definition free_group :: "'g set \<Rightarrow> (('g \<times> bool) list) monoid" where
  "free_group S = \<lparr> carrier = {w. fst ` set w \<subseteq> S \<and> reduced w},
                    monoid.mult = (\<lambda>x y. normalize (x @ y)),
                    monoid.one = [] \<rparr>"

definition comm :: "('a, 'b) monoid_scheme \<Rightarrow> 'a \<Rightarrow> 'a \<Rightarrow> 'a" where
  "comm G x y = inv\<^bsub>G\<^esub> x \<otimes>\<^bsub>G\<^esub> inv\<^bsub>G\<^esub> y \<otimes>\<^bsub>G\<^esub> x \<otimes>\<^bsub>G\<^esub> y"

definition normal_closure :: "('a, 'b) monoid_scheme \<Rightarrow> 'a set \<Rightarrow> 'a set" where
  "normal_closure G A =
     generate G {g \<otimes>\<^bsub>G\<^esub> r \<otimes>\<^bsub>G\<^esub> inv\<^bsub>G\<^esub> g | g r. g \<in> carrier G \<and> r \<in> A}"

definition presented_group :: "'g set \<Rightarrow> ('g \<times> bool) list set \<Rightarrow> (('g \<times> bool) list set) monoid" where
  "presented_group S R = free_group S Mod normal_closure (free_group S) R"

definition pres_class :: "'g set \<Rightarrow> ('g \<times> bool) list set \<Rightarrow> ('g \<times> bool) list \<Rightarrow> ('g \<times> bool) list set" where
  "pres_class S R w = normal_closure (free_group S) R #>\<^bsub>free_group S\<^esub> w"

text \<open>Lower central series, shifted: lower_central G k = gamma_(k+1)(G).
  gamma_1 = G, gamma_(k+1) = [G, gamma_k].\<close>
fun lower_central :: "('a, 'b) monoid_scheme \<Rightarrow> nat \<Rightarrow> 'a set" where
  "lower_central G 0 = carrier G"
| "lower_central G (Suc k) = generate G {comm G x y | x y. x \<in> carrier G \<and> y \<in> lower_central G k}"

definition residually_nilpotent :: "('a, 'b) monoid_scheme \<Rightarrow> bool" where
  "residually_nilpotent G \<longleftrightarrow> (\<Inter>k. lower_central G k) = {\<one>\<^bsub>G\<^esub>}"

text \<open>Two generators: False is a (resp. alpha), True is b (resp. beta).\<close>
abbreviation F2 :: "((bool \<times> bool) list) monoid" where
  "F2 \<equiv> free_group (UNIV :: bool set)"

definition gen_a :: "(bool \<times> bool) list" where "gen_a = [(False, False)]"
definition gen_b :: "(bool \<times> bool) list" where "gen_b = [(True, False)]"

definition rels_G :: "nat \<Rightarrow> (bool \<times> bool) list set" where
  "rels_G p = { (gen_a \<otimes>\<^bsub>F2\<^esub> comm F2 (gen_a [^]\<^bsub>F2\<^esub> p) gen_b) [^]\<^bsub>F2\<^esub> p,
                gen_b [^]\<^bsub>F2\<^esub> p }"

definition rels_C :: "nat \<Rightarrow> (bool \<times> bool) list set" where
  "rels_C p = { gen_a [^]\<^bsub>F2\<^esub> p, gen_b [^]\<^bsub>F2\<^esub> p }"

definition G_grp :: "nat \<Rightarrow> ((bool \<times> bool) list set) monoid" where
  "G_grp p = presented_group UNIV (rels_G p)"

definition CpCp :: "nat \<Rightarrow> ((bool \<times> bool) list set) monoid" where
  "CpCp p = presented_group UNIV (rels_C p)"

end

theory Submission
  imports Defs "HOL-Number_Theory.Cong"
begin

(* Everything rests on one fact: a^p is nontrivial in
   G = <a, b | (a[a^p,b])^p, b^p>.  To see it we map G into the affine group of Z/nZ,
   n = p^p - (p-1)^p, by a |-> (x |-> x + 1) and b |-> (x |-> k x), where k = p/(p-1) mod n.
   Elementary number theory gives k^p = 1 and k^(p-1) p = p - 1 (mod n); these make
   a[a^p,b] and b^p act trivially, so both relators die, while a^p acts as x |-> x + p,
   which is not the identity.  The remaining claims are then formal:
   the relators of G hold in C_p * C_p (there a^p = 1), giving the epimorphism
   a |-> alpha, b |-> beta, whose kernel contains a^p; and in any group a relation
   (x[x^p,y])^p = 1 forces x^p into every term of the lower central series.
   Primality and oddness of p are used only through p >= 2; the argument works for all such p.
   The file develops: free groups on reduced words and their universal property;
   normal closures and presented groups (von Dyck's substitution principle, quotient maps
   between presentations); the lower central series lemma; affine maps modulo n; the
   number theory; and finally the specific groups and the theorem. *)

section \<open>Free groups on reduced words\<close>

definition flip_letter :: "('g \<times> bool) \<Rightarrow> ('g \<times> bool)" where
  "flip_letter c = (fst c, \<not> snd c)"

lemma cancels_iff_flip: "(fst x = fst y \<and> snd x \<noteq> snd y) \<longleftrightarrow> y = flip_letter x"
  by (cases x; cases y) (auto simp: flip_letter_def)

lemma flip_flip_letter [simp]: "flip_letter (flip_letter c) = c"
  and fst_flip_letter [simp]: "fst (flip_letter c) = fst c"
  and snd_flip_letter [simp]: "snd (flip_letter c) = (\<not> snd c)"
  by (simp_all add: flip_letter_def)

lemma red_cons_Cons: "red_cons x (y # ys) = (if y = flip_letter x then ys else x # y # ys)"
  using cancels_iff_flip[of x y] by auto

declare red_cons.simps(2) [simp del]

lemma reduced_Nil [simp]: "reduced []"
  and reduced_single [simp]: "reduced [x]"
  by (simp_all add: reduced_def)

lemma reduced_Cons2: "reduced (x # y # ys) \<longleftrightarrow> y \<noteq> flip_letter x \<and> reduced (y # ys)"
proof
  assume r: "reduced (x # y # ys)"
  have "y \<noteq> flip_letter x"
    using r[unfolded reduced_def, rule_format, of 0] by (auto simp: cancels_iff_flip)
  moreover have "reduced (y # ys)"
    unfolding reduced_def using r[unfolded reduced_def, rule_format, of "Suc _"] by auto
  ultimately show "y \<noteq> flip_letter x \<and> reduced (y # ys)" by simp
next
  assume h: "y \<noteq> flip_letter x \<and> reduced (y # ys)"
  show "reduced (x # y # ys)" unfolding reduced_def
  proof (intro allI impI)
    fix i assume "Suc i < length (x # y # ys)"
    then show "\<not> (fst ((x # y # ys) ! i) = fst ((x # y # ys) ! Suc i)
        \<and> snd ((x # y # ys) ! i) \<noteq> snd ((x # y # ys) ! Suc i))"
      using h cancels_iff_flip[of x y] unfolding reduced_def by (cases i) auto
  qed
qed

lemma reduced_tl: "reduced (x # ys) \<Longrightarrow> reduced ys"
  by (cases ys) (auto simp: reduced_Cons2)

lemma reduced_red_cons: "reduced z \<Longrightarrow> reduced (red_cons x z)"
  by (cases z) (auto simp: red_cons_Cons reduced_Cons2 intro: reduced_tl)

text \<open>A word acts on reduced words by successive reducing prepends; normalizing is acting
  on the empty word.  This action is the tool for proving associativity.\<close>
definition word_act :: "('g \<times> bool) list \<Rightarrow> ('g \<times> bool) list \<Rightarrow> ('g \<times> bool) list" where
  "word_act w z = foldr red_cons w z"

lemma word_act_Nil [simp]: "word_act [] z = z"
  and word_act_Cons [simp]: "word_act (c # w) z = red_cons c (word_act w z)"
  and word_act_append: "word_act (x @ y) z = word_act x (word_act y z)"
  and normalize_word_act: "normalize w = word_act w []"
  by (simp_all add: word_act_def normalize_def)

lemma reduced_word_act: "reduced z \<Longrightarrow> reduced (word_act w z)"
  by (induction w) (auto intro: reduced_red_cons)

lemma reduced_normalize: "reduced (normalize w)"
  by (simp add: normalize_word_act reduced_word_act)

lemma normalize_reduced: "reduced w \<Longrightarrow> normalize w = w"
proof (induction w)
  case (Cons c w)
  then have "normalize w = w" using reduced_tl by blast
  then show ?case using Cons.prems
    by (cases w) (auto simp: normalize_word_act red_cons_Cons reduced_Cons2)
qed (simp add: normalize_word_act)

lemma red_cons_flip: "reduced z \<Longrightarrow> red_cons (flip_letter d) (red_cons d z) = z"
proof (cases z)
  case (Cons y ys)
  assume "reduced z"
  then show ?thesis
    using Cons by (cases "y = flip_letter d"; cases ys) (auto simp: red_cons_Cons reduced_Cons2)
qed (simp add: red_cons_Cons)

text \<open>Key identity: acting by a word only depends on its normal form.\<close>
lemma red_cons_word_act:
  "reduced z \<Longrightarrow> red_cons c (word_act v z) = word_act (red_cons c v) z"
proof (cases v)
  case (Cons d vs)
  assume "reduced z"
  then show ?thesis
    using Cons red_cons_flip[OF reduced_word_act[OF \<open>reduced z\<close>, of vs], of d]
    by (auto simp: red_cons_Cons)
qed simp

lemma word_act_normalize: "reduced z \<Longrightarrow> word_act (normalize w) z = word_act w z"
  by (induction w) (simp_all add: normalize_word_act red_cons_word_act[symmetric])

lemma normalize_append: "normalize (x @ y) = word_act x (normalize y)"
  by (simp add: normalize_word_act word_act_append)

definition inv_word :: "('g \<times> bool) list \<Rightarrow> ('g \<times> bool) list" where
  "inv_word w = rev (map flip_letter w)"

lemma word_act_inv_word: "reduced w \<Longrightarrow> word_act (inv_word w) w = []"
proof (induction w)
  case (Cons c w)
  have "word_act (inv_word (c # w)) (c # w) = word_act (inv_word w) w"
    by (simp add: inv_word_def word_act_append red_cons_Cons)
  then show ?case using Cons reduced_tl by metis
qed (simp add: inv_word_def)

lemma carrier_free_group: "carrier (free_group UNIV) = {w. reduced w}"
  and mult_free_group: "x \<otimes>\<^bsub>free_group UNIV\<^esub> y = normalize (x @ y)"
  and one_free_group: "\<one>\<^bsub>free_group UNIV\<^esub> = []"
  by (simp_all add: free_group_def)

lemma group_free_group: "group (free_group (UNIV :: 'g set))"
proof (rule groupI)
  fix x y z :: "('g \<times> bool) list"
  show "x \<otimes>\<^bsub>free_group UNIV\<^esub> y \<otimes>\<^bsub>free_group UNIV\<^esub> z
      = x \<otimes>\<^bsub>free_group UNIV\<^esub> (y \<otimes>\<^bsub>free_group UNIV\<^esub> z)"
  proof -
    have "normalize (normalize (x @ y) @ z) = word_act (normalize (x @ y)) (normalize z)"
      by (simp only: normalize_append)
    also have "\<dots> = word_act x (normalize (y @ z))"
      by (subst word_act_normalize[OF reduced_normalize]) (simp only: word_act_append normalize_append)
    also have "\<dots> = normalize (x @ normalize (y @ z))"
      by (simp add: normalize_append normalize_reduced reduced_word_act reduced_normalize)
    finally show ?thesis by (simp add: mult_free_group)
  qed
next
  fix x :: "('g \<times> bool) list"
  assume x: "x \<in> carrier (free_group UNIV)"
  then show "\<one>\<^bsub>free_group UNIV\<^esub> \<otimes>\<^bsub>free_group UNIV\<^esub> x = x"
    by (simp add: carrier_free_group mult_free_group one_free_group normalize_reduced)
  show "\<exists>y\<in>carrier (free_group UNIV). y \<otimes>\<^bsub>free_group UNIV\<^esub> x = \<one>\<^bsub>free_group UNIV\<^esub>"
    using x by (intro bexI[of _ "normalize (inv_word x)"])
      (simp_all add: carrier_free_group mult_free_group one_free_group normalize_append
        word_act_normalize normalize_reduced word_act_inv_word reduced_normalize)
qed (simp_all add: carrier_free_group mult_free_group one_free_group reduced_normalize)

definition letter_eval :: "('h, 'm) monoid_scheme \<Rightarrow> ('g \<Rightarrow> 'h) \<Rightarrow> ('g \<times> bool) \<Rightarrow> 'h" where
  "letter_eval H h c = (if snd c then inv\<^bsub>H\<^esub> (h (fst c)) else h (fst c))"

+++++

Every line containing the string "induction" in the entries should be counted; give the resulting number and nothing else.

4